Entgrenzt - die Superstars von Rio

Olympia ist vorbei – was bleibt sind teure Sportstätten, die in Brasilien kaum jemand braucht und die Erinnerung an außergewöhnliche Momente und Leistungen. An Krebs-Sonne Michael Phelps zum Beispiel – mit 23 goldenen, 3 silbernen und 2 bronzenen Medaillen ist er der mit Abstand erfolgreichste Olympionike aller Zeiten. Mit Abstand heisst ganz praktisch: auf Platz 2 folgt mit 9 Goldmedaillen die sowjetische Turnerin Larissa Semjonowna Latynina (27. Dezember 1934 in Cherson), auf Platz 3 der finnische Wunderläufer Paavo Nurmi (13. Juni 1897 in Turku). Beide feierten ihre Erfolge vor 50 bzw. 90 Jahren, seitdem konnte niemand daran anknüpfen.

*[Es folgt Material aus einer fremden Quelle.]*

lemma double_nbhd_seq_last_footprint:
  assumes "graph V E" "double_nbhd_seq V E xs" "xs \<noteq> []"
  obtains u where "u \<in> V" "card (cnbhd V E u \<inter> set xs) \<le> 2"
proof -
  obtain ys x where xs: "xs = ys @ [x]"
    using rev_exhaust assms(3) by blast
  obtain u where u: "u \<in> cnbhd V E x" "card (cnbhd V E u \<inter> set ys) \<le> 1"
    using assms(2) unfolding xs double_nbhd_seq_snoc_iff[OF assms(1)] by blast
  have "card (cnbhd V E u \<inter> set xs) \<le> card (insert x (cnbhd V E u \<inter> set ys))"
    unfolding xs by (rule card_mono) auto
  also have "\<dots> \<le> Suc (card (cnbhd V E u \<inter> set ys))"
    by (simp add: card_insert_if)
  finally have "card (cnbhd V E u \<inter> set xs) \<le> 2"
    using u(2) by simp
  moreover have "u \<in> V"
    using u(1) cnbhd_subset[of V E x] by blast
  ultimately show ?thesis
    using that by blast
qed

lemma card_cnbhd_le_card_Int_add_card_Diff:
  assumes "graph V E"
  shows "card (cnbhd V E u) \<le> card (cnbhd V E u \<inter> S) + card (V - S)"
proof -
  have "finite V"
    using assms unfolding graph_def by simp
  moreover have "cnbhd V E u \<subseteq> (cnbhd V E u \<inter> S) \<union> (V - S)"
    using cnbhd_subset[of V E u] by blast
  ultimately have "card (cnbhd V E u) \<le> card ((cnbhd V E u \<inter> S) \<union> (V - S))"
    using finite_cnbhd[OF assms] by (intro card_mono) auto
  also have "\<dots> \<le> card (cnbhd V E u \<inter> S) + card (V - S)"
    by (rule card_Un_le)
  finally show ?thesis .
qed

lemma double_dom_seq_length_bound:
  assumes "graph V E" "V \<noteq> {}" "double_dom_seq V E xs"
  shows "length xs + min_degree V E \<le> card V + 1"
proof -
  have finV: "finite V"
    using assms(1) unfolding graph_def by simp
  have dns: "double_nbhd_seq V E xs" and dd: "double_dom_set V E (set xs)"
    using assms(3) unfolding double_dom_seq_def by auto
  then have distinct: "distinct xs" and xsV: "set xs \<subseteq> V"
    unfolding double_nbhd_seq_def by auto
  obtain w where "w \<in> V"
    using assms(2) by blast
  with dd have "2 \<le> card (cnbhd V E w \<inter> set xs)"
    unfolding double_dom_set_def by blast
  then have "xs \<noteq> []"
    by auto
  then obtain u where u: "u \<in> V" "card (cnbhd V E u \<inter> set xs) \<le> 2"
    using double_nbhd_seq_last_footprint[OF assms(1) dns] by blast
  have "card (V - set xs) = card V - length xs"
    using card_Diff_subset[OF _ xsV] distinct_card[OF distinct] by simp
  then have "card (cnbhd V E u) \<le> 2 + (card V - length xs)"
    using card_cnbhd_le_card_Int_add_card_Diff[OF assms(1), of u "set xs"] u(2) by simp
  moreover have "length xs \<le> card V"
    using card_mono[OF finV xsV] distinct_card[OF distinct] by simp
  moreover have "min_degree V E \<le> degree V E u"
    unfolding min_degree_def using finV u(1) by simp
  ultimately show ?thesis
    using card_cnbhd[OF assms(1) u(1)] by linarith
qed

lemma legal_seq_not_double_dom_set:
  assumes "graph V E" "legal_seq V E xs" "xs \<noteq> []"
  shows "\<not> double_dom_set V E (set xs)"
proof -
  obtain ys x where xs: "xs = ys @ [x]"
    using rev_exhaust assms(3) by blast
  obtain u where u: "u \<in> cnbhd V E x" "cnbhd V E u \<inter> set ys = {}"
    using assms(2) unfolding xs legal_seq_snoc_iff[OF assms(1)] by blast
  have "u \<in> V"
    using u(1) cnbhd_subset[of V E x] by blast
  moreover have "cnbhd V E u \<inter> set xs \<subseteq> {x}"
    using u(2) unfolding xs by auto
  then have "card (cnbhd V E u \<inter> set xs) \<le> card {x}"
    by (rule card_mono[rotated]) simp
  ultimately show ?thesis
    unfolding double_dom_set_def by force
qed

lemma double_nbhd_seq_split_legal:
  assumes "graph V E"
  shows "double_nbhd_seq V E xs \<Longrightarrow> \<exists>ys zs. legal_seq V E ys \<and> legal_seq V E zs
    \<and> set ys \<inter> set zs = {} \<and> set ys \<union> set zs = set xs \<and> length ys + length zs = length xs"
proof (induction xs rule: rev_induct)
  case Nil
  have "legal_seq V E []"
    unfolding legal_seq_def by simp
  then show ?case
    by auto
next
  case (snoc x xs)
  obtain u where dns: "double_nbhd_seq V E xs" and x: "x \<in> V" "x \<notin> set xs"
    and u: "u \<in> cnbhd V E x" "card (cnbhd V E u \<inter> set xs) \<le> 1"
    using snoc.prems unfolding double_nbhd_seq_snoc_iff[OF assms] by blast
  obtain ys zs where ys: "legal_seq V E ys" and zs: "legal_seq V E zs"
    and disjoint: "set ys \<inter> set zs = {}" and union: "set ys \<union> set zs = set xs"
    and length: "length ys + length zs = length xs"
    using snoc.IH[OF dns] by blast
  have "cnbhd V E u \<inter> set ys = {} \<or> cnbhd V E u \<inter> set zs = {}"
  proof (rule ccontr)
    assume "\<not> ?thesis"
    then obtain y z where "y \<in> cnbhd V E u \<inter> set ys" "z \<in> cnbhd V E u \<inter> set zs"
      by blast
    with disjoint union have "y \<noteq> z" "{y, z} \<subseteq> cnbhd V E u \<inter> set xs"
      by auto
    then have "card {y, z} \<le> card (cnbhd V E u \<inter> set xs)"
      by (intro card_mono) auto
    with \<open>y \<noteq> z\<close> u(2) show False
      by simp
  qed
  then show ?case
  proof
    assume "cnbhd V E u \<inter> set ys = {}"
    with ys x u(1) union have "legal_seq V E (ys @ [x])"
      unfolding legal_seq_snoc_iff[OF assms] by blast
    with zs disjoint union length x(2) show ?case
      by (intro exI[of _ "ys @ [x]"] exI[of _ zs]) auto
  next
    assume "cnbhd V E u \<inter> set zs = {}"
    with zs x u(1) union have "legal_seq V E (zs @ [x])"
      unfolding legal_seq_snoc_iff[OF assms] by blast
    with ys disjoint union length x(2) show ?case
      by (intro exI[of _ ys] exI[of _ "zs @ [x]"]) auto
  qed
qed

lemma grundy_double_dom_le_twice_grundy_dom:
  assumes "graph V E" "no_isolated V E"
  shows "grundy_double_dom V E \<le> 2 * grundy_dom V E"
proof -
  obtain xs where xs: "double_dom_seq V E xs" "length xs = grundy_double_dom V E"
    by (rule grundy_double_dom_attained[OF assms])
  then obtain ys zs where "legal_seq V E ys" "legal_seq V E zs" "length ys + length zs = length xs"
    using double_nbhd_seq_split_legal[OF assms(1)] unfolding double_dom_seq_def by blast
  with xs(2) show ?thesis
    using legal_seq_length_le_grundy_dom[OF assms(1)] by (metis add_mono mult_2)
qed

lemma grundy_dom_less_grundy_double_dom:
  assumes "graph V E" "no_isolated V E" "V \<noteq> {}"
  shows "grundy_dom V E < grundy_double_dom V E"
proof -
  obtain xs where xs: "dominating_seq V E xs" "length xs = grundy_dom V E"
    by (rule grundy_dom_attained[OF assms(1)])
  then have legal: "legal_seq V E xs"
    unfolding dominating_seq_def by simp
  have "xs \<noteq> []"
    using xs(1) assms(3) unfolding dominating_seq_def by auto
  obtain ys where dds: "double_dom_seq V E (xs @ ys)"
    using double_nbhd_seq_extends[OF assms(1,2) double_nbhd_seq_if_legal_seq[OF assms(1) legal]]
    by blast
  have "ys \<noteq> []"
    using dds legal_seq_not_double_dom_set[OF assms(1) legal \<open>xs \<noteq> []\<close>]
    unfolding double_dom_seq_def by auto
  then have "length xs < length (xs @ ys)"
    by simp
  also have "\<dots> \<le> grundy_double_dom V E"
    by (rule length_le_grundy_double_dom[OF assms(1) dds])
  finally show ?thesis
    using xs(2) by simp
qed

lemma double_dom_number_lower_bound:
  assumes "graph V E" "no_isolated V E"
  shows "2 * real (card V) / (real (max_degree V E) + 1) \<le> real (double_dom_number V E)"
proof -
  obtain D where D: "double_dom_set V E D" "card D = double_dom_number V E"
    by (rule double_dom_number_attained[OF assms])
  have "real (2 * card V) \<le> real (card D * (max_degree V E + 1))"
    using double_dom_set_card_bound[OF assms(1) D(1)] by (simp only: of_nat_le_iff)
  then show ?thesis
    using D(2) by (simp add: pos_divide_le_eq algebra_simps)
qed

lemma double_dom_number_le_grundy_double_dom:
  assumes "graph V E" "no_isolated V E"
  shows "double_dom_number V E \<le> grundy_double_dom V E"
proof -
  obtain xs where xs: "double_dom_seq V E xs" "length xs = grundy_double_dom V E"
    by (rule grundy_double_dom_attained[OF assms])
  then have "double_dom_number V E \<le> card (set xs)"
    using double_dom_number_le_card[OF assms(1)] unfolding double_dom_seq_def by blast
  also have "card (set xs) = grundy_double_dom V E"
    using xs unfolding double_dom_seq_def double_nbhd_seq_def by (simp add: distinct_card)
  finally show ?thesis .
qed

lemma grundy_double_dom_upper_bound:
  assumes "graph V E" "V \<noteq> {}" "no_isolated V E"
  shows "grundy_double_dom V E + min_degree V E \<le> card V + 1"
proof -
  obtain xs where "double_dom_seq V E xs" "length xs = grundy_double_dom V E"
    by (rule grundy_double_dom_attained[OF assms(1,3)])
  then show ?thesis
    using double_dom_seq_length_bound[OF assms(1,2)] by metis
qed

Bis eben 2004 Michael Phelps bei seinen zweiten olympischen Spielen mit dem Sammeln der Goldmedaillen begann. In Sydney waren es sechs, 2008 in Athen gewann er acht, 2012 in London immerhin noch vier Goldene und jetzt in Rio nochmals fünf. Ein Rekord für die Ewigkeit und natürlich taucht die Frage auf, ob man so etwas Außergewöhnliches auch im Geburtsbild des Athleten als astro-logische Besonderheit abgebildet findet.

Auf den ersten Blick? Nein…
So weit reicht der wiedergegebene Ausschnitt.